Walking through his gardens, he shared his favorite recipes and pointed out ingredients familiar to those who cook Italian food like eggplant, a variety of tomatoes, basil, Sicilian mint, oregano, cardunas and figs.

“Those plants, they don’t like cold weather,” Liotta said. He has adapted the foreign plants to his Missouri soil by keeping the ground warm enough to preserve the cardunas, a relative of the artichoke, throughout the winter. He also builds his fig trees shelters from the cold with insulated pieces left over from the industrial fridges he assembled for 23 years. In the summer, the branches of his fig trees are attached to ropes so he can pull them down to easily harvest the ripe fruits.

He also grows American favorites including fruit trees, pumpkins, chestnuts, cucumbers, broccoli, beets, green beans and grapes, just to name a few. Liotta grafts his fruit trees to take advantage of the deep roots of older trees to grow new varieties.

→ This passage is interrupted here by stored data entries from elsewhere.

(* Let $n \ge 1$ and $t \ge 0$ be integers. If there is a $t$-resilient asynchronous message-passing protocol solving the colored cross-blockchain transaction task $(\mathcal{I}, \mathcal{O}, \Delta)$ on $n+1$ blockchains, then there is a $t$-resilient asynchronous message-passing protocol solving the colorless cross-blockchain transaction task $(\mathcal{I}, \mathcal{O}', \Xi)$ on $n+1$ blockchains. Both tasks are defined in the context.
   Context: Setting. There are $n+1$ distinct blockchains $C_0,\dots,C_n$. An $(n+1)$-party cross-blockchain transaction touches exactly one block $v_i$ on each blockchain $C_i$. Input complex $\mathcal{I}$. The vertices are the pairs $(v_i, a)$ with $0 \le i \le n$ and $a \in \{0,1,\bot\}$. Here $0$ means not committed, $1$ means committed, and $\bot$ means the block's branch was suspended by a fork. A nonempty set of vertices is a simplex if and only if its vertices involve pairwise distinct blocks. Colored output complex $\mathcal{O}$. The vertices are the pairs $(v_i, b)$ with $b \in \{0,1\}$, where $1$ means committed and $0$ means aborted. A nonempty set of vertices is a simplex if and only if its vertices involve pairwise distinct blocks and all carry the same value $b$. Hence $\mathcal{O}$ has two connected components. Colored carrier map $\Delta$. For a simplex $\sigma$ of $\mathcal{I}$ with block set $B(\sigma)$: - $\Delta(\sigma)$ is the simplex $\{(v,1) : v \in B(\sigma)\}$ together with its faces, if all input values in $\sigma$ are $1$; - it is $\{(v,0) : v \in B(\sigma)\}$ together with its faces, if some input value in $\sigma$ is $\bot$; - otherwise it is the subcomplex of $\mathcal{O}$ consisting of all simplices whose blocks lie in $B(\sigma)$, i.e. both the all-$0$ and the all-$1$ simplices on $B(\sigma)$ and their faces. Colorless task. The colorless output complex $\mathcal{O}'$ has vertices $0$ and $1$ and only the simplices $\{0\}$ and $\{1\}$. The colorless carrier map is obtained from $\Delta$ by forgetting block identities: - $\Xi(\sigma)=\{1\}$ if all input values in $\sigma$ are $1$; - $\Xi(\sigma)=\{0\}$ if some input value in $\sigma$ is $\bot$; - $\Xi(\sigma)=\mathcal{O}'$ otherwise. Computational model. There are $n+1$ processes (process $i$ corresponds to blockchain $C_i$) communicating by asynchronous message passing, with at most $t$ crash failures. Process $i$ starts with an input vertex $(v_i,a_i)$ of $\mathcal{I}$. - A protocol solves the colored task if in every execution with at most $t$ crashes each non-crashed process $i$ eventually decides an output vertex $(v_i,b_i)$ of $\mathcal{O}$, and the set of decided vertices is a simplex of $\Delta(\sigma)$, where $\sigma$ is the simplex of inputs of the participating processes. - A protocol solves the colorless task if each non-crashed process eventually decides a value in $\{0,1\}$, and the set of decided values is a simplex of $\Xi(\sigma)$. *)

theory Defs
  imports Main "HOL-Library.Multiset"
begin

text \<open>Input values: 0 = not committed, 1 = committed, Bot = suspended by a fork.\<close>
datatype inval = Zero | One | Bot

text \<open>Simplices of the input complex: nonempty finite sets of vertices (block, value)
  involving pairwise distinct blocks.\<close>
definition input_simplex :: "('v \<times> inval) set \<Rightarrow> bool" where
  "input_simplex \<sigma> \<longleftrightarrow> finite \<sigma> \<and> \<sigma> \<noteq> {} \<and> inj_on fst \<sigma>"

text \<open>Simplices of the colored output complex: pairwise distinct blocks, all carrying the
  same value (True = committed, False = aborted).\<close>
definition output_simplex :: "('v \<times> bool) set \<Rightarrow> bool" where
  "output_simplex \<tau> \<longleftrightarrow> finite \<tau> \<and> \<tau> \<noteq> {} \<and> inj_on fst \<tau> \<and> (\<exists>b. \<forall>x\<in>\<tau>. snd x = b)"

definition blocks :: "('v \<times> 'a) set \<Rightarrow> 'v set" where
  "blocks \<sigma> = fst ` \<sigma>"

definition Delta :: "('v \<times> inval) set \<Rightarrow> ('v \<times> bool) set set" where
  "Delta \<sigma> =
    (if \<forall>x\<in>\<sigma>. snd x = One then
       {\<tau>. \<tau> \<noteq> {} \<and> \<tau> \<subseteq> {(v, True) | v. v \<in> blocks \<sigma>}}
     else if \<exists>x\<in>\<sigma>. snd x = Bot then
       {\<tau>. \<tau> \<noteq> {} \<and> \<tau> \<subseteq> {(v, False) | v. v \<in> blocks \<sigma>}}
     else {\<tau>. output_simplex \<tau> \<and> blocks \<tau> \<subseteq> blocks \<sigma>})"

text \<open>Colorless carrier map: output complex O' has vertices 0,1 (False, True) and simplices
  {0},{1} only.\<close>
definition Xi :: "('v \<times> inval) set \<Rightarrow> bool set set" where
  "Xi \<sigma> =
    (if \<forall>x\<in>\<sigma>. snd x = One then {{True}}
     else if \<exists>x\<in>\<sigma>. snd x = Bot then {{False}}
     else {{True}, {False}})"

text \<open>A protocol for processes 0..n: initial local state from process id and input; a
  step of process p takes its local state and optionally one received message
  (sender, payload) and returns a new local state and a list of messages
  (destination, payload) to send; the decision map reads the (possibly absent)
  decision off the local state.\<close>
record ('i, 's, 'm, 'o) protocol =
  pinit :: "nat \<Rightarrow> 'i \<Rightarrow> 's"
  ptrans :: "nat \<Rightarrow> 's \<Rightarrow> (nat \<times> 'm) option \<Rightarrow> 's \<times> (nat \<times> 'm) list"
  pdec :: "'s \<Rightarrow> 'o option"

text \<open>Configuration: local states and the multiset of messages in transit
  (sender, destination, payload).\<close>
type_synonym ('s, 'm) config = "(nat \<Rightarrow> 's) \<times> (nat \<times> nat \<times> 'm) multiset"

text \<open>Events: None = no step; Some (p, r) = process p takes a step, receiving r
  (either nothing or an in-transit message addressed to p).\<close>
type_synonym 'm event = "(nat \<times> (nat \<times> nat \<times> 'm) option) option"

definition step_ok ::
  "('i, 's, 'm, 'o, 'z) protocol_scheme \<Rightarrow> nat \<Rightarrow> ('s, 'm) config \<Rightarrow> 'm event
     \<Rightarrow> ('s, 'm) config \<Rightarrow> bool" where
  "step_ok P n c ev c' \<longleftrightarrow>
    (case ev of
       None \<Rightarrow> c' = c
     | Some (p, r) \<Rightarrow>
         p \<le> n \<and>
         (case r of None \<Rightarrow> True | Some e \<Rightarrow> e \<in># snd c \<and> fst (snd e) = p) \<and>
         (let res = ptrans P p (fst c p) (map_option (\<lambda>(s, d, m). (s, m)) r) in
           c' = ((fst c)(p := fst res),
                 (snd c - (case r of None \<Rightarrow> {#} | Some e \<Rightarrow> {#e#}))
                   + mset (map (\<lambda>(d, m). (p, d, m)) (snd res)))))"

definition run ::
  "('i, 's, 'm, 'o, 'z) protocol_scheme \<Rightarrow> nat \<Rightarrow> (nat \<Rightarrow> 'i)
     \<Rightarrow> (nat \<Rightarrow> ('s, 'm) config) \<Rightarrow> (nat \<Rightarrow> 'm event) \<Rightarrow> bool" where
  "run P n x C ev \<longleftrightarrow>
    C 0 = ((\<lambda>i. pinit P i (x i)), {#}) \<and> (\<forall>k. step_ok P n (C k) (ev k) (C (Suc k)))"

definition steps_of :: "(nat \<Rightarrow> 'm event) \<Rightarrow> nat \<Rightarrow> nat set" where
  "steps_of ev p = {k. \<exists>r. ev k = Some (p, r)}"

text \<open>A process is correct (non-crashed) iff it takes infinitely many steps.\<close>
definition correct :: "(nat \<Rightarrow> 'm event) \<Rightarrow> nat \<Rightarrow> bool" where
  "correct ev p \<longleftrightarrow> infinite (steps_of ev p)"

definition admissible ::
  "nat \<Rightarrow> nat \<Rightarrow> (nat \<Rightarrow> ('s, 'm) config) \<Rightarrow> (nat \<Rightarrow> 'm event) \<Rightarrow> bool" where
  "admissible n t C ev \<longleftrightarrow>
    card {p \<in> {0..n}. \<not> correct ev p} \<le> t \<and>
    (\<forall>k e. e \<in># snd (C k) \<longrightarrow> fst (snd e) \<le> n \<longrightarrow> correct ev (fst (snd e)) \<longrightarrow>
       (\<exists>k'\<ge>k. ev k' = Some (fst (snd e), Some e)))"

definition decided ::
  "('i, 's, 'm, 'o, 'z) protocol_scheme \<Rightarrow> (nat \<Rightarrow> ('s, 'm) config) \<Rightarrow> nat \<Rightarrow> 'o \<Rightarrow> bool" where
  "decided P C i b \<longleftrightarrow> (\<exists>k. pdec P (fst (C k) i) = Some b)"

definition solves ::
  "('i, 's, 'm, 'o) protocol \<Rightarrow> nat \<Rightarrow> nat \<Rightarrow> (nat \<Rightarrow> 'i) set
     \<Rightarrow> ((nat \<Rightarrow> 'i) \<Rightarrow> (nat \<times> 'o) set \<Rightarrow> bool) \<Rightarrow> bool" where
  "solves P n t Inputs Valid \<longleftrightarrow>
    (\<forall>x \<in> Inputs. \<forall>C ev. run P n x C ev \<and> admissible n t C ev \<longrightarrow>
       (\<forall>i\<le>n. correct ev i \<longrightarrow> (\<exists>b. decided P C i b)) \<and>
       (\<forall>i\<le>n. \<forall>k k' b. k \<le> k' \<longrightarrow> pdec P (fst (C k) i) = Some b
                         \<longrightarrow> pdec P (fst (C k') i) = Some b) \<and>
       Valid x {(i, b). i \<le> n \<and> decided P C i b})"

definition tx_inputs :: "nat \<Rightarrow> (nat \<Rightarrow> 'v \<times> inval) set" where
  "tx_inputs n = {x. inj_on (fst \<circ> x) {0..n}}"

definition input_of :: "nat \<Rightarrow> (nat \<Rightarrow> 'v \<times> inval) \<Rightarrow> ('v \<times> inval) set" where
  "input_of n x = x ` {0..n}"

definition colored_valid ::
  "nat \<Rightarrow> (nat \<Rightarrow> 'v \<times> inval) \<Rightarrow> (nat \<times> ('v \<times> bool)) set \<Rightarrow> bool" where
  "colored_valid n x D \<longleftrightarrow>
    (\<forall>(i, w) \<in> D. fst w = fst (x i)) \<and>
    (snd ` D \<noteq> {} \<longrightarrow> snd ` D \<in> Delta (input_of n x))"

definition colorless_valid ::
  "nat \<Rightarrow> (nat \<Rightarrow> 'v \<times> inval) \<Rightarrow> (nat \<times> bool) set \<Rightarrow> bool" where
  "colorless_valid n x D \<longleftrightarrow>
    (snd ` D \<noteq> {} \<longrightarrow> snd ` D \<in> Xi (input_of n x))"

definition solves_colored :: "('v \<times> inval, 's, 'm, 'v \<times> bool) protocol \<Rightarrow> nat \<Rightarrow> nat \<Rightarrow> bool" where
  "solves_colored P n t \<longleftrightarrow> solves P n t (tx_inputs n) (colored_valid n)"

definition solves_colorless :: "('v \<times> inval, 's, 'm, bool) protocol \<Rightarrow> nat \<Rightarrow> nat \<Rightarrow> bool" where
  "solves_colorless P n t \<longleftrightarrow> solves P n t (tx_inputs n) (colorless_valid n)"

end

theory Submission
  imports Defs
begin

text \<open>A protocol for the colored task is turned into one for the colorless task by running it
  unchanged and forgetting the block in each decided vertex (v, b), keeping only the value b.
  Runs, admissibility, termination and irrevocability are untouched by this relabelling, and
  validity is transported because every simplex of Delta(sigma) carries a single value, which
  is exactly the value Xi(sigma) allows.\<close>

definition map_decision :: "('o \<Rightarrow> 'p) \<Rightarrow> ('i, 's, 'm, 'o) protocol \<Rightarrow> ('i, 's, 'm, 'p) protocol"
  where "map_decision f P = \<lparr>pinit = pinit P, ptrans = ptrans P, pdec = map_option f \<circ> pdec P\<rparr>"

lemma run_map_decision [simp]: "run (map_decision f P) n x C ev = run P n x C ev"
proof -
  have "pinit (map_decision f P) = pinit P" "ptrans (map_decision f P) = ptrans P"
    by (simp_all add: map_decision_def)
  then show ?thesis
    unfolding run_def step_ok_def by (simp only:)
qed

lemma pdec_map_decision [simp]: "pdec (map_decision f P) s = map_option f (pdec P s)"
  by (simp add: map_decision_def)

lemma decided_map_decision:
  "decided (map_decision f P) C i b \<longleftrightarrow> (\<exists>w. decided P C i w \<and> f w = b)"
  by (auto simp: decided_def)

lemma decisions_map_decision:
  "{(i, b). i \<le> n \<and> decided (map_decision f P) C i b}
     = apsnd f ` {(i, w). i \<le> n \<and> decided P C i w}"
  by (auto simp: decided_map_decision image_iff) blast

lemma solves_map_decision:
  assumes "solves P n t Inputs Valid"
    and "\<And>x D. x \<in> Inputs \<Longrightarrow> Valid x D \<Longrightarrow> Valid' x (apsnd f ` D)"
  shows "solves (map_decision f P) n t Inputs Valid'"
  unfolding solves_def
proof (rule ballI, intro allI impI, intro conjI)
  fix x C ev
  assume x: "x \<in> Inputs" and "run (map_decision f P) n x C ev \<and> admissible n t C ev"
  then have terminates: "\<forall>i\<le>n. correct ev i \<longrightarrow> (\<exists>w. decided P C i w)"
    and irrevocable: "\<forall>i\<le>n. \<forall>k k' w. k \<le> k' \<longrightarrow> pdec P (fst (C k) i) = Some w
                        \<longrightarrow> pdec P (fst (C k') i) = Some w"
    and valid: "Valid x {(i, w). i \<le> n \<and> decided P C i w}"
    using assms(1) unfolding solves_def by simp_all
  show "\<forall>i\<le>n. correct ev i \<longrightarrow> (\<exists>b. decided (map_decision f P) C i b)"
    using terminates by (auto simp: decided_map_decision)
  show "\<forall>i\<le>n. \<forall>k k' b. k \<le> k' \<longrightarrow> pdec (map_decision f P) (fst (C k) i) = Some b
                        \<longrightarrow> pdec (map_decision f P) (fst (C k') i) = Some b"
    using irrevocable by fastforce
  show "Valid' x {(i, b). i \<le> n \<and> decided (map_decision f P) C i b}"
    unfolding decisions_map_decision using assms(2)[OF x valid] .
qed

lemma Delta_values_in_Xi:
  assumes "\<tau> \<noteq> {}" and "\<tau> \<in> Delta \<sigma>"
  shows "snd ` \<tau> \<in> Xi \<sigma>"
proof -
  consider (committed) "\<forall>x\<in>\<sigma>. snd x = One"
    | (suspended) "\<not> (\<forall>x\<in>\<sigma>. snd x = One)" "\<exists>x\<in>\<sigma>. snd x = Bot"
    | (mixed) "\<not> (\<forall>x\<in>\<sigma>. snd x = One)" "\<not> (\<exists>x\<in>\<sigma>. snd x = Bot)"
    by blast
  then show ?thesis
  proof cases
    case committed
    with assms have "\<tau> \<subseteq> {(v, True) | v. v \<in> blocks \<sigma>}" by (simp add: Delta_def)
    with assms(1) have "snd ` \<tau> = {True}" by force
    with committed show ?thesis by (simp add: Xi_def)
  next
    case suspended
    with assms have "\<tau> \<subseteq> {(v, False) | v. v \<in> blocks \<sigma>}" by (simp add: Delta_def)
    with assms(1) have "snd ` \<tau> = {False}" by force
    with suspended show ?thesis by (simp add: Xi_def)
  next
    case mixed
    with assms obtain b where "\<forall>x\<in>\<tau>. snd x = b" by (auto simp: Delta_def output_simplex_def)
    with assms(1) have "snd ` \<tau> = {b}" by force
    with mixed show ?thesis by (cases b) (simp_all add: Xi_def)
  qed
qed

lemma colorless_valid_forget_blocks:
  assumes "colored_valid n x D"
  shows "colorless_valid n x (apsnd snd ` D)"
proof -
  have "snd ` apsnd snd ` D = snd ` snd ` D"
    by (force simp: image_image)
  with assms show ?thesis
    by (auto simp: colored_valid_def colorless_valid_def intro: Delta_values_in_Xi)
qed

theorem lemma3:
  fixes n t :: nat
    and P :: "('v \<times> inval, 's, 'm, 'v \<times> bool) protocol"
  assumes "n \<ge> 1"
    and "solves_colored P n t"
  shows "\<exists>Q :: ('v \<times> inval, 's, 'm, bool) protocol. solves_colorless Q n t"
proof
  show "solves_colorless (map_decision snd P) n t"
    using assms(2) unfolding solves_colored_def solves_colorless_def
    by (rule solves_map_decision) (rule colorless_valid_forget_blocks)
qed

end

“You know how cool it is to be an urban farmer? My dad’s the original urban farmer,” Lilla said, noting his innovation.

Liotta’s Italian vegetables grow to fantastic sizes, but the most magical sight is the humongous Italian squash, cucuzza, swinging from a canopy of their leaves and vines between two roofs. This year, he thinks they were cross pollinated with another variety of squash because they are much thicker and greener than usual.


Byrne’s favorite sight is a huge tree that had to be cut, but the trunk, which remains standing, is covered with vines that produce cucuzza that grows “as large as a child’s leg.”

“He does everything in abundance, like the 500 spring rolls today, everything is always extreme in the Liotta house,” Lilla said, hardly exaggerating.

Every time Liotta mentioned another project, like the 15 peach trees he’s growing on St. John, his daughter would affectionately question him, ‘Since when?’ at which he would just laugh.

Liotta, one of the self-proclaimed last generation of Italian immigrants coming to Kansas City, and is one of the few who has remained in the old Italian neighborhoods of Northeast.

“I’ve got to stay because of where my property is, that’s why I’m still here,” Liotta said. “I’m comfortable. Nobody bothers me, nobody has touched me, nobody’s done anything, so I’m comfortable.”